Acute myeloid leukemia is characterized by uncontrolled proliferation of self-renewing myeloid progenitors accompanied by a differentiation arrest. PHF6 is a chromatin-binding protein mutated in myeloid leukemias, and its isolated loss increases mouse HSC self-renewal without malignant transformation. We report here that Phf6 knockout increases the aggressiveness of Hoxa9-driven AML over serial transplantation, and increases the frequency of leukemia initiating cells. We define the in vivo hierarchy of Hoxa9-driven AML and identify a population that we term the “LIC-e” (leukemia initiating cells enriched) population. We find that Phf6 loss expands the LIC-e population and skews its transcriptome to a more stem-like state; concordant transcriptome shifts are also observed on PHF6 knockout in a human AML cell line and in PHF6 mutant patient samples from the BEAT AML dataset. We demonstrate that LIC-e accumulation in Phf6 knockout AML occurs not due to effects on cell cycle or apoptosis, but due to an increase in the fraction of its progeny that retain LIC-e identity. Our work indicates that Phf6 loss increases AML self-renewal through context-specific effects on leukemia stem cells.

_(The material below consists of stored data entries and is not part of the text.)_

lemma contour_integral_power_mult_principal_part:
  fixes q :: "nat \<Rightarrow> complex"
  assumes c: "valid_path c" "pathfinish c = pathstart c" "path_image c \<subseteq> annulus 1 r R"
    and r: "0 < r" and q: "summable (\<lambda>l. norm (q l) * inverse r ^ l)"
  shows "contour_integral c (\<lambda>z. (1 - z) ^ j * (\<Sum>l. q l * inverse (1 - z) ^ Suc l))
           = - (2 * pi * \<i> * winding_number c 1) * q j"
proof -
  define f where "f l z = (1 - z) ^ j * (q l * inverse (1 - z) ^ Suc l)" for l z
  have one_notin: "1 \<notin> path_image c"
    using c(3) annulus_1D[OF _ r] by blast
  have bound: "norm (f l z) \<le> R ^ j * (norm (q l) * inverse r ^ Suc l)"
    if "z \<in> annulus 1 r R" for l z
  proof -
    have "norm (1 - z) \<le> R" "0 \<le> R"
      using annulus_1D(2)[OF that r] norm_ge_zero order_trans by blast+
    then show ?thesis
      unfolding f_def norm_mult[of "(1 - z) ^ j"] norm_power
      using norm_mult_inverse_power_le[OF that r, of "q l" "Suc l"]
      by (intro mult_mono power_mono) (auto simp del: power_Suc)
  qed
  have summable_bound: "summable (\<lambda>l. R ^ j * (norm (q l) * inverse r ^ Suc l))"
    using summable_mult2[OF q, of "inverse r"] by (intro summable_mult) (simp add: mult_ac)
  have hol: "f l holomorphic_on annulus 1 r R" for l
    unfolding f_def by (intro holomorphic_intros) (auto dest: annulus_1D[OF _ r])
  have "contour_integral c (f l) = (if l = j then - (2 * pi * \<i> * winding_number c 1) * q j else 0)"
    for l
  proof -
    have "((\<lambda>z. q l * (1 - z) powi (int j - int (Suc l))) has_contour_integral
            q l * (if int j - int (Suc l) = -1 then - (2 * pi * \<i> * winding_number c 1) else 0)) c"
      by (intro has_contour_integral_lmul has_contour_integral_power_int_one_minus c one_notin)
    then have "(f l has_contour_integral
            q l * (if int j - int (Suc l) = -1 then - (2 * pi * \<i> * winding_number c 1) else 0)) c"
    proof (rule has_contour_integral_eq)
      fix z assume "z \<in> path_image c"
      then have "1 - z \<noteq> 0" using one_notin by auto
      then show "q l * (1 - z) powi (int j - int (Suc l)) = f l z"
        unfolding f_def mult.left_commute[of "(1 - z) ^ j"]
        by (simp only: power_mult_inverse_power_eq_power_int[OF \<open>1 - z \<noteq> 0\<close>])
    qed
    then show ?thesis
      by (auto dest: contour_integral_unique)
  qed
  then have "(\<lambda>l. if l = j then - (2 * pi * \<i> * winding_number c 1) * q j else 0) sums
               contour_integral c (\<lambda>z. \<Sum>l. f l z)"
    using sums_contour_integral_suminf[OF open_annulus c(1,3) hol bound summable_bound] by simp
  moreover have "(\<lambda>l. if l = j then - (2 * pi * \<i> * winding_number c 1) * q j else 0) sums
                   (- (2 * pi * \<i> * winding_number c 1) * q j)"
    using sums_single[of j "\<lambda>_. - (2 * pi * \<i> * winding_number c 1) * q j"] by simp
  ultimately have "contour_integral c (\<lambda>z. \<Sum>l. f l z) = - (2 * pi * \<i> * winding_number c 1) * q j"
    by (rule sums_unique2)
  moreover have "contour_integral c (\<lambda>z. (1 - z) ^ j * (\<Sum>l. q l * inverse (1 - z) ^ Suc l))
                   = contour_integral c (\<lambda>z. \<Sum>l. f l z)"
  proof (rule contour_integral_eq)
    fix z assume "z \<in> path_image c"
    then have "z \<in> annulus 1 r R" using c(3) by blast
    have "summable (\<lambda>l. q l * inverse (1 - z) ^ Suc l)"
      using summable_mult2[OF summable_mult_power_in_annulus(2)[OF \<open>z \<in> annulus 1 r R\<close> r q],
                      of "inverse (1 - z)"]
      by (simp add: mult_ac)
    then show "(1 - z) ^ j * (\<Sum>l. q l * inverse (1 - z) ^ Suc l) = (\<Sum>l. f l z)"
      unfolding f_def by (rule suminf_mult[symmetric])
  qed
  ultimately show ?thesis by simp
qed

急性髓系白血病的特征是自我更新的髓系祖细胞不受控制的增殖并伴有分化停滞。 PHF6是一种在髓性白血病中发生突变的染色质结合蛋白，其单独缺失可增加小鼠HSC的自我更新而不会发生恶性转化。我们在此报告， Phf6敲除增加了Hoxa9驱动的 AML 相对于连续移植的侵袭性，并增加了白血病起始细胞的频率。我们定义了Hoxa9驱动的 AML 的体内层次结构，并确定了一个称为“LIC-e”（白血病起始细胞富集）群体的群体。我们发现Phf6损失扩大了 LIC-e 群体，并将其转录组偏向更像茎的状态；在人类 AML 细胞系中的PHF6敲除以及 BEAT AML 数据集中的PHF6突变患者样本中也观察到了一致的转录组变化。我们证明Phf6敲除 AML 中 LIC-e 积累的发生并不是由于对细胞周期或细胞凋亡的影响，而是由于保留 LIC-e 身份的后代比例的增加。我们的工作表明Phf6缺失通过对白血病干细胞的特定情况影响来增强 AML 的自我更新。